(DATA SECTION Opens)

(* Let $\rho$ be a two-qubit state on $\mathbb{C}^2\otimes\mathbb{C}^2$ whose correlation matrix $T$ is diagonal, and write $\lambda_i=T_{ii}$ for $i=0,1,2$. Then $$d_{\max}(\rho)=\frac{1}{\sqrt2}\sqrt{\sum_{i=0}^{2}\lambda_i^2(1-n_i^2)},$$ where $\vec n=(n_0,n_1,n_2)^T$ is the unit vector defined as follows: if $\rho_B\neq I/2$, then $\vec n=\vec r^B/\|\vec r^B\|$; if $\rho_B=I/2$, then $n_i=1$ (and $n_j=0$ for $j\neq i$) for an index $i$ with $|\lambda_i|=\min_k|\lambda_k|$.
   Context: Let $\sigma_0,\sigma_1,\sigma_2$ be the Pauli matrices $X,Y,Z$. Every two-qubit state can be written as $\rho=\frac14\big(I\otimes I+\sum_i r^A_i\sigma_i\otimes I+\sum_j r^B_j I\otimes\sigma_j+\sum_{i,j}T_{ij}\sigma_i\otimes\sigma_j\big)$, with Bloch vectors $r^A_i=\mathrm{Tr}(\sigma_i\rho_A)$, $r^B_j=\mathrm{Tr}(\sigma_j\rho_B)$ (where $\rho_A=\mathrm{Tr}_B\rho$, $\rho_B=\mathrm{Tr}_A\rho$) and real correlation matrix $T_{ij}=\mathrm{Tr}((\sigma_i\otimes\sigma_j)\rho)$. A unitary $U^B$ on $\mathbb{C}^2$ is called cyclic for $\rho$ if $[\rho_B,U^B]=0$. Set $\rho_f=(I\otimes U^B)\rho(I\otimes U^{B\dagger})$, define the Fu distance $d(\rho,U^B)=\frac{1}{\sqrt2}\|\rho-\rho_f\|_F$ (Frobenius norm), and $d_{\max}(\rho)=\max\{d(\rho,U^B): U^B\text{ unitary},\ [\rho_B,U^B]=0\}$. *)

theory Defs
  imports "HOL-Analysis.Analysis"
begin

text \<open>Qubit operators: complex 2x2 matrices indexed by the numeral type 2.
  Two-qubit operators: complex matrices indexed by 2 x 2 (first component = qubit A).\<close>

type_synonym qop = "complex^2^2"
type_synonym qqop = "complex^(2\<times>2)^(2\<times>2)"

definition adj :: "complex^'n^'n \<Rightarrow> complex^'n^'n" where
  "adj M = (\<chi> i j. cnj (M $ j $ i))"

definition unitary_mat :: "complex^'n^'n \<Rightarrow> bool" where
  "unitary_mat U \<longleftrightarrow> U ** adj U = mat 1 \<and> adj U ** U = mat 1"

definition trace_mat :: "complex^'n^'n \<Rightarrow> complex" where
  "trace_mat M = (\<Sum>i\<in>UNIV. M $ i $ i)"

definition kron :: "qop \<Rightarrow> qop \<Rightarrow> qqop" where
  "kron A B = (\<chi> p q. A $ fst p $ fst q * B $ snd p $ snd q)"

definition density :: "complex^'n^'n \<Rightarrow> bool" where
  "density \<rho> \<longleftrightarrow> adj \<rho> = \<rho>
     \<and> (\<forall>v::complex^'n. 0 \<le> Re (\<Sum>i\<in>UNIV. \<Sum>j\<in>UNIV. cnj (v $ i) * \<rho> $ i $ j * v $ j))
     \<and> trace_mat \<rho> = 1"

definition pauliX :: qop where
  "pauliX = (\<chi> a b. if a \<noteq> b then 1 else 0)"
definition pauliY :: qop where
  "pauliY = (\<chi> a b. if a = 0 \<and> b = 1 then - \<i> else if a = 1 \<and> b = 0 then \<i> else 0)"
definition pauliZ :: qop where
  "pauliZ = (\<chi> a b. if a = b then (if a = 0 then 1 else -1) else 0)"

(DATA SECTION Closes)

## [TASK DESCRIPTION]
Write out the data exactly as it stands.

## [REPLY TO THE TASK]
(* Let $\rho$ be a two-qubit state on $\mathbb{C}^2\otimes\mathbb{C}^2$ whose correlation matrix $T$ is diagonal, and write $\lambda_i=T_{ii}$ for $i=0,1,2$. Then $$d_{\max}(\rho)=\frac{1}{\sqrt2}\sqrt{\sum_{i=0}^{2}\lambda_i^2(1-n_i^2)},$$ where $\vec n=(n_0,n_1,n_2)^T$ is the unit vector defined as follows: if $\rho_B\neq I/2$, then $\vec n=\vec r^B/\|\vec r^B\|$; if $\rho_B=I/2$, then $n_i=1$ (and $n_j=0$ for $j\neq i$) for an index $i$ with $|\lambda_i|=\min_k|\lambda_k|$.
   Context: Let $\sigma_0,\sigma_1,\sigma_2$ be the Pauli matrices $X,Y,Z$. Every two-qubit state can be written as $\rho=\frac14\big(I\otimes I+\sum_i r^A_i\sigma_i\otimes I+\sum_j r^B_j I\otimes\sigma_j+\sum_{i,j}T_{ij}\sigma_i\otimes\sigma_j\big)$, with Bloch vectors $r^A_i=\mathrm{Tr}(\sigma_i\rho_A)$, $r^B_j=\mathrm{Tr}(\sigma_j\rho_B)$ (where $\rho_A=\mathrm{Tr}_B\rho$, $\rho_B=\mathrm{Tr}_A\rho$) and real correlation matrix $T_{ij}=\mathrm{Tr}((\sigma_i\otimes\sigma_j)\rho)$. A unitary $U^B$ on $\mathbb{C}^2$ is called cyclic for $\rho$ if $[\rho_B,U^B]=0$. Set $\rho_f=(I\otimes U^B)\rho(I\otimes U^{B\dagger})$, define the Fu distance $d(\rho,U^B)=\frac{1}{\sqrt2}\|\rho-\rho_f\|_F$ (Frobenius norm), and $d_{\max}(\rho)=\max\{d(\rho,U^B): U^B\text{ unitary},\ [\rho_B,U^B]=0\}$. *)

theory Defs
  imports "HOL-Analysis.Analysis"
begin

text \<open>Qubit operators: complex 2x2 matrices indexed by the numeral type 2.
  Two-qubit operators: complex matrices indexed by 2 x 2 (first component = qubit A).\<close>

type_synonym qop = "complex^2^2"
type_synonym qqop = "complex^(2\<times>2)^(2\<times>2)"

definition adj :: "complex^'n^'n \<Rightarrow> complex^'n^'n" where
  "adj M = (\<chi> i j. cnj (M $ j $ i))"

definition unitary_mat :: "complex^'n^'n \<Rightarrow> bool" where
  "unitary_mat U \<longleftrightarrow> U ** adj U = mat 1 \<and> adj U ** U = mat 1"

definition trace_mat :: "complex^'n^'n \<Rightarrow> complex" where
  "trace_mat M = (\<Sum>i\<in>UNIV. M $ i $ i)"

definition kron :: "qop \<Rightarrow> qop \<Rightarrow> qqop" where
  "kron A B = (\<chi> p q. A $ fst p $ fst q * B $ snd p $ snd q)"

definition density :: "complex^'n^'n \<Rightarrow> bool" where
  "density \<rho> \<longleftrightarrow> adj \<rho> = \<rho>
     \<and> (\<forall>v::complex^'n. 0 \<le> Re (\<Sum>i\<in>UNIV. \<Sum>j\<in>UNIV. cnj (v $ i) * \<rho> $ i $ j * v $ j))
     \<and> trace_mat \<rho> = 1"

definition pauliX :: qop where
  "pauliX = (\<chi> a b. if a \<noteq> b then 1 else 0)"
definition pauliY :: qop where
  "pauliY = (\<chi> a b. if a = 0 \<and> b = 1 then - \<i> else if a = 1 \<and> b = 0 then \<i> else 0)"
definition pauliZ :: qop where
  "pauliZ = (\<chi> a b. if a = b then (if a = 0 then 1 else -1) else 0)"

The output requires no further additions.